That's Billy the Kid himself, standing second from left.
That's Billy the Kid himself, standing second from left.

If you saw the National Geographic program BIlly the Kid: New Evidence on Oct. 18th, you heard the remarkable story of a collector who bought an old photo for $2 in a junk shop in California in 2010. Experts now believe that the find is only the second authenticated photo of famed outlaw Billy the Kid, and it’s worth millions. And if you saw the show, you also saw the work of Film major James Steelman ’96, editor at Leftfield Entertainment in New York City, which produced the show.

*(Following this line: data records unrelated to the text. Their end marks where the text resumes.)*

theorem lemma9:
  shows "\<exists>C0>0. \<forall>C\<ge>C0. \<exists>c>0. \<forall>(V::'a set) E w W (K::nat) (\<epsilon>::real) Ksel piv.
    finite V \<and> V \<noteq> {} \<and> E \<subseteq> V \<times> V \<and> sym E \<and>
    (\<forall>(u, v)\<in>E. w u v = w v u \<and> 0 \<le> w u v \<and> w u v \<le> W) \<and>
    (E \<noteq> {} \<longrightarrow> (\<exists>(u, v)\<in>E. w u v = W)) \<and> 0 \<le> W \<and>
    0 < K \<and> 0 < \<epsilon> \<and> knn_sets V E w K Ksel \<and> pivot_fun V E w piv
    \<longrightarrow>
    measure_pmf.prob
      (Pi_pmf V False (\<lambda>_. bernoulli_pmf (min 1 (C * ln (real (card V)) / real K))))
      {f. \<forall>s\<in>V. \<forall>t\<in>V.
           gdist E w s t \<le> dist_query V E w Ksel piv (nat \<lceil>1 / \<epsilon>\<rceil>) {v. f v} s t \<and>
           dist_query V E w Ksel piv (nat \<lceil>1 / \<epsilon>\<rceil>) {v. f v} s t
             \<le> ereal (1 + \<epsilon>) * gdist E w s t + ereal (2 * W)}
    \<ge> 1 - real (card V) powr (- c)"
  apply (rule exI[of _ "2::real"], intro conjI allI impI)
   apply simp
  subgoal for C
    apply (rule exI[of _ "C - 1"], intro conjI allI impI)
     apply simp
    apply (elim conjE)
    apply (rule oracle_correct_whp)
              apply simp_all
    done
  done

end
(* In the setting below, suppose $p,q\geq5$. Then for all $i,j,k,l\in\mathbb Z/N\mathbb Z$ with $i\neq j$ and $k\neq l$ (not otherwise required to be distinct) we have $\#(P_{ij}\cap P_{kl})\geq p-3$ and $\#(Q_{ij}\cap Q_{kl})\geq q-3$.
   Context: Setting: $p,q$ distinct primes, $N=p+q$; $M=(m_{ik})_{i,k\in\mathbb Z/N\mathbb Z}$ has entries in $\mathbb Z/pq\mathbb Z$ and $(e^{2\pi i\,m_{ik}/pq})$ is a complex Hadamard matrix (unimodular entries, orthogonal rows). $L_i(k)=m_{ik}$, $L_{ij}=L_j-L_i$. For $d\mid pq$, $d(\mathbb Z/pq\mathbb Z)$ is the subgroup of multiples of $d$. For distinct $i,j$ there is a partition $\mathbb Z/N\mathbb Z=P_{ij}\sqcup Q_{ij}\sqcup R_{ij}$ and $r\in\mathbb Z/pq\mathbb Z$ with: $\#R_{ij}=2$ and $L_{ij}\equiv r$ on $R_{ij}$; $\#P_{ij}=p-1$ and $L_{ij}(P_{ij})=(r+q(\mathbb Z/pq\mathbb Z))\setminus\{r\}$; $\#Q_{ij}=q-1$ and $L_{ij}(Q_{ij})=(r+p(\mathbb Z/pq\mathbb Z))\setminus\{r\}$. This partition is unique ($R_{ij}$ is the pair of indices where $L_{ij}$ takes its unique repeated value). Put $P^+_{ij}=P_{ij}\cup R_{ij}$, $Q^+_{ij}=Q_{ij}\cup R_{ij}$. *)

theory Defs
  imports Complex_Main "HOL-Computational_Algebra.Primes"
begin

text \<open>Indices of Z/NZ are represented by the naturals 0..<N; entries of Z/pqZ by integers,
  read modulo p*q.  The matrix M is a function nat => nat => int, M i k = m_ik.\<close>

definition hadamard_phase :: "nat \<Rightarrow> nat \<Rightarrow> (nat \<Rightarrow> nat \<Rightarrow> int) \<Rightarrow> bool" where
  "hadamard_phase N n M \<longleftrightarrow>
     (\<forall>i<N. \<forall>j<N. i \<noteq> j \<longrightarrow>
        (\<Sum>k<N. exp (2 * pi * \<i> * of_int (M i k) / of_nat n) *
                 cnj (exp (2 * pi * \<i> * of_int (M j k) / of_nat n))) = 0)"

definition Ldiff :: "nat \<Rightarrow> nat \<Rightarrow> (nat \<Rightarrow> nat \<Rightarrow> int) \<Rightarrow> nat \<Rightarrow> nat \<Rightarrow> nat \<Rightarrow> int" where
  "Ldiff p q M i j k = (M j k - M i k) mod int (p * q)"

“The show is an example of parallel storytelling,” Steelman explained. “We told the modern story of Randy Guijarro (who found the tintype and sought to have it authenticated) as well as the historical story of Billy the Kid. I was originally brought on to handle the historical recreations, but as we got deeper into the revision process, I also contributed to the modern story, and assisted in the assembly and polishing of acts (the content between commercials).” The story of the search to have the photo authenticated continued as Steelman edited, making it a real challenge to meet the Oct. 18th air date. “I’m very proud of the work I did on it and feel that it’s the best work I’ve done so far,” Steelman said.

James Steelman ’96
James Steelman ’96

“I was very fortunate to have been chosen from over 100 editors at Leftfield to be one of only two editors on Billy the Kid: New Evidence,” Steelman said. “Editors on television shows are multimedia content editors, so in addition to editing picture and dialogue, I also chose the music for the segments I cut, and added sound effects where necessary (such as in the gunfights). It’s a process involving many revisions, as my work is subject to the scrutiny of Leftfield’s executive producers, as well as the network executives at National Geographic. They give feedback on the work in progress, and we make the revisions as requested. It’s a collaborative process, and, in this case, the revision process was extensive.”

Steelman cited the value of his Keene State education, especially the critical studies classes he took with Dr. Larry Benaquist and an editing class with Paul Barnes, who went on to work with Ken Burns on such remarkable documentaries as Jazz, Baseball, and The Civil War. But at that time, the Film Studies Dept. was still working in film, as opposed to today’s digital video. In 2000, Steelman went to work for Avid Technology in Tewksbury, MA, where he was trained to use their suite of non-linear editing systems, commonly known as Avid Media Composer. “I returned to KSC in 2002 and worked with Dr. Benaquist and Professor Tom Cook to modernize the program, adding non-linear editing to the curriculum. I stayed there for six years, and I am very pleased to say that many of my editing students are currently enjoying careers in film and television editing.”